Psychophysics. On a ground well prepared by the work of Luce and Galanter, I strived to formalize classical Fechnerian psychophysics in a modern language influenced by the progress in measurement theory and also benefitting from functional equations techniques. This led to experimental work extending classical results and to the proposal of a new psychophysical law in [75]. The following other papers are relevant to this line of research: [4], [8], [9], [12], [13], [16], [18], [24, [33], [34], [60], [62], [75], [88], and [95]. Much of this work is summarized in the long paper [60] and in the monograph [B1] published in 1985, which was revised and reprinted in 2002.
Measurement theory and philosophy of science. In the line of works by Luce, Suppes, and others, I have developed axiom systems for various fundamental measurement structures. One preoccupation, prompted by applications in the behavioral sciences, was the case in which the domain of the measurement structure was bounded on both sides, that is, bounded above and away from zero. Relevant papers are [5], [7], [9] and [10]. Any fundamental measurement structure is an ordered structure which can be formalized in a variety of ways depending on the situation, merging thus fundamental measurement theory with combinatorics. Several papers describe results my efforts in this area (cf. [3], [23], [29], [30], [36], [51], [56], [67], [80], and [91].) I also tried to give a theoretical account of possible errors of measurement by extending the framework of fundamental measurement to include probabilistic representations (see [12], [14], [17], [19], [22], and [31]). An essential concept in the formal description of scientific theories, related to measurement, is the `meaningfulness' of scientific statements (such as the physical laws), that is, the invariance of such statements with respect to changes of the units of the variables. Typically, from a strictly formal standpoint, common scientific statements are not meaningful in that sense. Their invariance is implicit, rather than intrinsic to the formalism. First in [25], written with Louis Narens, and then more systematically and with more generality in [90], I have began the development of a formal framework for the statement of meaningful scientific statements. Such a framework leads to more general axiomatizations of the theories, possibly giving a better insight on their empirical foundation. Much remains to be done in this area, such as clarifying the relationship between meaningfulness and dimensional invariance.
Probabilistic choice theory. In static choice, that is, without consideration of a possible temporal evolution, the most notable result is presented in [15], in which I solved a problem of representing multiple choice probabilities by inequalities involving random variables.
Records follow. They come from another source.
abbreviation prod_family :: "(nat \<Rightarrow> 'y set set) \<Rightarrow> 'y list set set" where
  "prod_family F \<equiv> {prod_set n S | S. \<forall>i<n. S i \<in> F i}"

lemma m1_nonneg: "0 \<le> m1 mY S"
  using unc_fun_nonneg[OF unc_fun_m1[OF mY_unc]] by simp

lemma m1_mono: "S \<subseteq> T \<Longrightarrow> m1 mY S \<le> m1 mY T"
  using unc_fun_mono[OF unc_fun_m1[OF mY_unc]] by simp

lemma m1_le_one: "m1 mY S \<le> 1"
proof -
  have "(\<lambda>y. [y]) ` UNIV = {ys. length ys = 1}"
    by (auto simp: length_Suc_conv)
  then have "m1 mY UNIV = 1"
    using mY_norm unfolding m1_def by metis
  then show ?thesis
    using m1_mono[of S UNIV] by simp
qed

lemma m1_rng_pos: "0 < m1 mY (rng (Y i))"
  using unc_fun_m1[OF mY_unc] unfolding unc_fun_def by (simp add: rng_def)

lemma rng_Yn: "rng Yn = prod_set n (\<lambda>i. rng (Y i))"
proof -
  have "rng Yn = (\<Union>xs\<in>rng Xn. cond_range Yn Xn xs)"
    by (simp add: Union_cond_range)
  also have "\<dots> = (\<Union>xs\<in>prod_set n (\<lambda>i. rng (X i)). prod_set n (\<lambda>i. cond_range (Y i) (X i) (xs ! i)))"
    using Y_cond_prod X_prod by simp
  also have "\<dots> = prod_set n (\<lambda>i. rng (Y i))"
    using Union_prod_set[where A = "\<lambda>i. rng (X i)" and B = "\<lambda>i. cond_range (Y i) (X i)"]
    by (simp add: Union_cond_range)
  finally show ?thesis .
qed

lemma relative_unc_prod_set:
  "mY (prod_set n A) / mY (rng Yn) = (\<Prod>i<n. m1 mY (A i) / m1 mY (rng (Y i)))"
  by (simp add: rng_Yn prod_unc prod_dividef)

lemma overlap_rel_update:
  assumes delta_nonneg: "0 \<le> \<delta>"
    and delta_less: "\<And>i x. i < n \<Longrightarrow> x \<in> rng (X i) \<Longrightarrow> \<delta> < m1 mY (cond_range (Y i) (X i) x)"
    and xs: "xs \<in> rng Xn" and i: "i < n"
    and step: "(xs ! i, c) \<in> overlap_rel (m1 mY) (Y i) (X i) \<delta>"
  shows "(xs, xs[i := c]) \<in> overlap_rel mY Yn Xn (\<delta> ^ n)"
proof -
  let ?C = "\<lambda>j. cond_range (Y j) (X j)"
  have xs': "xs[i := c] \<in> rng Xn"
    using xs i step by (auto simp: X_prod prod_set_def overlap_rel_def nth_list_update)
  have factor: "\<delta> < m1 mY (?C j (xs[i := c] ! j) \<inter> ?C j (xs ! j)) / m1 mY (rng (Y j))"
    if j: "j < n" for j
  proof (cases "j = i")
    case True
    then show ?thesis using step xs i by (simp add: overlap_rel_def X_prod prod_set_def)
  next
    case False
    have "\<delta> < m1 mY (?C j (xs ! j))"
      using delta_less j xs by (auto simp: X_prod prod_set_def)
    also have "\<dots> \<le> m1 mY (?C j (xs ! j)) / m1 mY (rng (Y j))"
      using m1_rng_pos m1_le_one m1_nonneg by (simp add: le_divide_eq mult_left_le)
    finally show ?thesis using False by simp
  qed
  have "cond_range Yn Xn (xs[i := c]) \<inter> cond_range Yn Xn xs
      = prod_set n (\<lambda>j. ?C j (xs[i := c] ! j) \<inter> ?C j (xs ! j))"
    using Y_cond_prod xs xs' by (simp add: prod_set_Int)
  then have "mY (cond_range Yn Xn (xs[i := c]) \<inter> cond_range Yn Xn xs) / mY (rng Yn)
      = (\<Prod>j<n. m1 mY (?C j (xs[i := c] ! j) \<inter> ?C j (xs ! j)) / m1 mY (rng (Y j)))"
    by (simp add: relative_unc_prod_set)
  also have "\<delta> ^ n < \<dots>"
    using n_pos delta_nonneg factor by (intro power_less_prod)
  finally show ?thesis
    using xs xs' by (simp add: overlap_rel_def)
qed

lemma delta_connected_set_prod_set:
  assumes delta_nonneg: "0 \<le> \<delta>"
    and delta_less: "\<And>i x. i < n \<Longrightarrow> x \<in> rng (X i) \<Longrightarrow> \<delta> < m1 mY (cond_range (Y i) (X i) x)"
    and connected: "\<And>i. i < n \<Longrightarrow> delta_connected_set (m1 mY) (Y i) (X i) \<delta> (S i)"
  shows "delta_connected_set mY Yn Xn (\<delta> ^ n) (prod_set n S)"
  unfolding delta_connected_set_def
proof (intro ballI)
  fix u u' assume u: "u \<in> prod_set n S" and u': "u' \<in> prod_set n S"
  have "\<forall>i<n. \<exists>a b. u ! i \<in> cond_range (Y i) (X i) a \<and> u' ! i \<in> cond_range (Y i) (X i) b \<and>
          (a, b) \<in> (overlap_rel (m1 mY) (Y i) (X i) \<delta>)\<^sup>*"
    using connected u u' by (auto simp: delta_connected_set_def prod_set_def delta_connected_iff_rtrancl)
  then obtain a b where ab: "\<forall>i<n. u ! i \<in> cond_range (Y i) (X i) (a i) \<and>
      u' ! i \<in> cond_range (Y i) (X i) (b i) \<and> (a i, b i) \<in> (overlap_rel (m1 mY) (Y i) (X i) \<delta>)\<^sup>*"
    by metis
  let ?xs = "map a [0..<n]" and ?xs' = "map b [0..<n]"
  have xs: "?xs \<in> rng Xn" and xs': "?xs' \<in> rng Xn"
    using ab by (auto simp: X_prod map_in_prod_set_iff intro: rng_if_in_cond_range)
  have "(?xs, ?xs') \<in> (overlap_rel mY Yn Xn (\<delta> ^ n))\<^sup>*"
  proof (rule rtrancl_coordinatewise)
    show "?xs \<in> prod_set n (\<lambda>i. rng (X i))" "?xs' \<in> prod_set n (\<lambda>i. rng (X i))"
      using xs xs' by (simp_all add: X_prod)
    show "overlap_rel (m1 mY) (Y i) (X i) \<delta> \<subseteq> rng (X i) \<times> rng (X i)" for i
      by (auto simp: overlap_rel_def)
  qed (use ab overlap_rel_update[OF delta_nonneg delta_less] in \<open>auto simp: X_prod\<close>)
  moreover have "u \<in> cond_range Yn Xn ?xs" "u' \<in> cond_range Yn Xn ?xs'"
    using u u' ab Y_cond_prod[OF xs] Y_cond_prod[OF xs'] by (auto simp: prod_set_def)
  ultimately show "delta_connected mY Yn Xn (\<delta> ^ n) u u'"
    unfolding delta_connected_iff_rtrancl by blast
qed

lemma Union_prod_family_eq_rng_Yn:
  assumes "\<And>i. i < n \<Longrightarrow> admissible_family (m1 mY) (Y i) (X i) \<delta> (F i)"
  shows "\<Union>(prod_family F) = rng Yn"
  unfolding rng_Yn by (rule Union_prod_family) (use assms in \<open>simp add: admissible_family_def\<close>)

lemma cond_range_Yn_subset_prod_family:
  assumes "\<And>i. i < n \<Longrightarrow> admissible_family (m1 mY) (Y i) (X i) \<delta> (F i)"
    and xs: "xs \<in> rng Xn"
  shows "\<exists>S\<in>prod_family F. cond_range Yn Xn xs \<subseteq> S"
proof -
  have "\<forall>i<n. \<exists>T\<in>F i. cond_range (Y i) (X i) (xs ! i) \<subseteq> T"
    using assms xs by (auto simp: admissible_family_def X_prod prod_set_def)
  then obtain T where T: "\<forall>i<n. T i \<in> F i \<and> cond_range (Y i) (X i) (xs ! i) \<subseteq> T i"
    by metis
  then have "prod_set n T \<in> prod_family F"
    by blast
  moreover have "cond_range Yn Xn xs \<subseteq> prod_set n T"
    unfolding Y_cond_prod[OF xs] by (rule prod_set_mono) (use T in blast)
  ultimately show ?thesis by blast
qed

lemma prod_family_contains_cond_range_Yn:
  assumes adm: "\<And>i. i < n \<Longrightarrow> admissible_family (m1 mY) (Y i) (X i) \<delta> (F i)"
    and "P \<in> prod_family F"
  shows "\<exists>xs\<in>rng Xn. cond_range Yn Xn xs \<subseteq> P"
proof -
  obtain S where S: "\<forall>i<n. S i \<in> F i" and P: "P = prod_set n S"
    using assms(2) by blast
  have "\<forall>i<n. \<exists>x\<in>rng (X i). cond_range (Y i) (X i) x \<subseteq> S i"
    using adm S by (auto simp: admissible_family_def)
  then obtain x where x: "\<forall>i<n. x i \<in> rng (X i) \<and> cond_range (Y i) (X i) (x i) \<subseteq> S i"
    by metis
  then have xs: "map x [0..<n] \<in> rng Xn"
    by (simp add: X_prod map_in_prod_set_iff)
  have "cond_range Yn Xn (map x [0..<n]) \<subseteq> P"
    unfolding Y_cond_prod[OF xs] P by (rule prod_set_mono) (use x in simp)
  with xs show ?thesis by blast
qed

lemma relative_unc_Int_prod_family_le:
  assumes adm: "\<And>i. i < n \<Longrightarrow> admissible_family (m1 mY) (Y i) (X i) \<delta> (F i)"
    and P: "P \<in> prod_family F" and Q: "Q \<in> prod_family F" and ne: "P \<noteq> Q"
  shows "mY (P \<inter> Q) / mY (rng Yn)
    \<le> \<delta> * Sup {m1 mY S / m1 mY (rng (Y i)) | i S. i < n \<and> S \<in> F i} ^ (n - 1)"
proof -
  obtain A B where A: "\<forall>i<n. A i \<in> F i" and B: "\<forall>i<n. B i \<in> F i"
    and PQ: "P = prod_set n A" "Q = prod_set n B"
    using P Q by blast
  let ?dhat = "Sup {m1 mY S / m1 mY (rng (Y i)) | i S. i < n \<and> S \<in> F i}"
  obtain i where i: "i < n" "A i \<noteq> B i"
    using ne prod_set_cong unfolding PQ by blast
  have subset_rng: "S \<subseteq> rng (Y j)" if "j < n" "S \<in> F j" for j S
    using adm[OF that(1)] that(2) by (auto simp: admissible_family_def)
  have "m1 mY S / m1 mY (rng (Y j)) \<le> 1" if "j < n" "S \<in> F j" for j S
    using m1_mono[OF subset_rng[OF that]] m1_rng_pos[of j] by simp
  then have bdd: "bdd_above {m1 mY S / m1 mY (rng (Y i)) | i S. i < n \<and> S \<in> F i}"
    by (intro bdd_aboveI[of _ 1]) blast
  have le_dhat: "m1 mY (A j \<inter> B j) / m1 mY (rng (Y j)) \<le> ?dhat" if "j < n" for j
  proof -
    have "m1 mY (A j \<inter> B j) / m1 mY (rng (Y j)) \<le> m1 mY (A j) / m1 mY (rng (Y j))"
      using m1_rng_pos[of j] by (intro divide_right_mono m1_mono) auto
    also have "\<dots> \<le> ?dhat"
      by (rule cSup_upper[OF _ bdd]) (use A that in auto)
    finally show ?thesis .
  qed
  have "m1 mY (A i \<inter> B i) \<le> \<delta> * m1 mY (rng (Y i))"
    using adm[OF i(1)] A B i by (auto simp: admissible_family_def)
  then have le_delta: "m1 mY (A i \<inter> B i) / m1 mY (rng (Y i)) \<le> \<delta>"
    using m1_rng_pos[of i] by (simp add: pos_divide_le_eq)
  have "mY (P \<inter> Q) / mY (rng Yn) = (\<Prod>j<n. m1 mY (A j \<inter> B j) / m1 mY (rng (Y j)))"
    by (simp add: PQ prod_set_Int relative_unc_prod_set)
  also have "\<dots> \<le> \<delta> * ?dhat ^ (n - 1)"
    using i(1) le_delta le_dhat m1_nonneg m1_rng_pos by (intro prod_le_mult_power) auto
  finally show ?thesis .
qed

end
This problem was raised by the economists Block and Marschack almost 20 years earlier. Other papers in the same category of static choice are [14], [26], [47], [49], [50], [59], [64], and [74]. Probabilistic choice can also be studied from the standpoint of the evolution of preferences over time, leading to stochastic models of choice. A particular application concerns the the evolution of the preferences of potential voters in a political election, as revealed by panel data. Relevant papers are [66], [68], [70], [72], and [98].
The last two areas are original endeavors.
Knowledge spaces and learning spaces. The foundation paper is [32], written jointly with JeanPaul Doignon. We presented there a formal framework for the assessment of knowledge, for example of students learning arithmetic or algebra. This framework was combinatoric in character, and as such insufficient for a practical assessment, which is unavoidably plagued with careless errors on the part of the test takers. This paper was the beginning of a systematic development which is continuing today. Many papers were written, dealing with all the pieces of a practical assessment system. In particular, it was essential to create a stochastic framework for the description of the evolution of an assessment, question by question. Many papers in the reference section are relevant to this development. The high points are [35], [41], [42], [43], [48], [57], [58], [71], [76], [82], [93], [99], and [100]. Much of the results are presented in the monograph [B4], by Doignon and Falmagne. (A much expanded revision will be published as [B7].) This work led to the creation of a web based system called ALEKS which is used today in more than 700 schools and universities in the US and abroad. This line of research is now being pursued by many investigators mostly in Austria, Germany, and the Netherlands.
Media Theory. Mathematical structures used in both knowledge space theory and combinatoric choice theory can be generalized in the form of a semigroup of transformations on a set of states. This system is defined by two axioms and is called a {\sl medium}. Such a generalization is not gratuitous because it enables many results obtained in media theory have applications in many diverse mathematical structures. For example, a learning space can be represented as a special case of a medium. The main papers describing the results are [69], [77], [85], [87] and [97]. A monograph on this subject, jointly written with David Eppstein and Sergei Ovchinnikov, has been published by Springer (see [B6]) .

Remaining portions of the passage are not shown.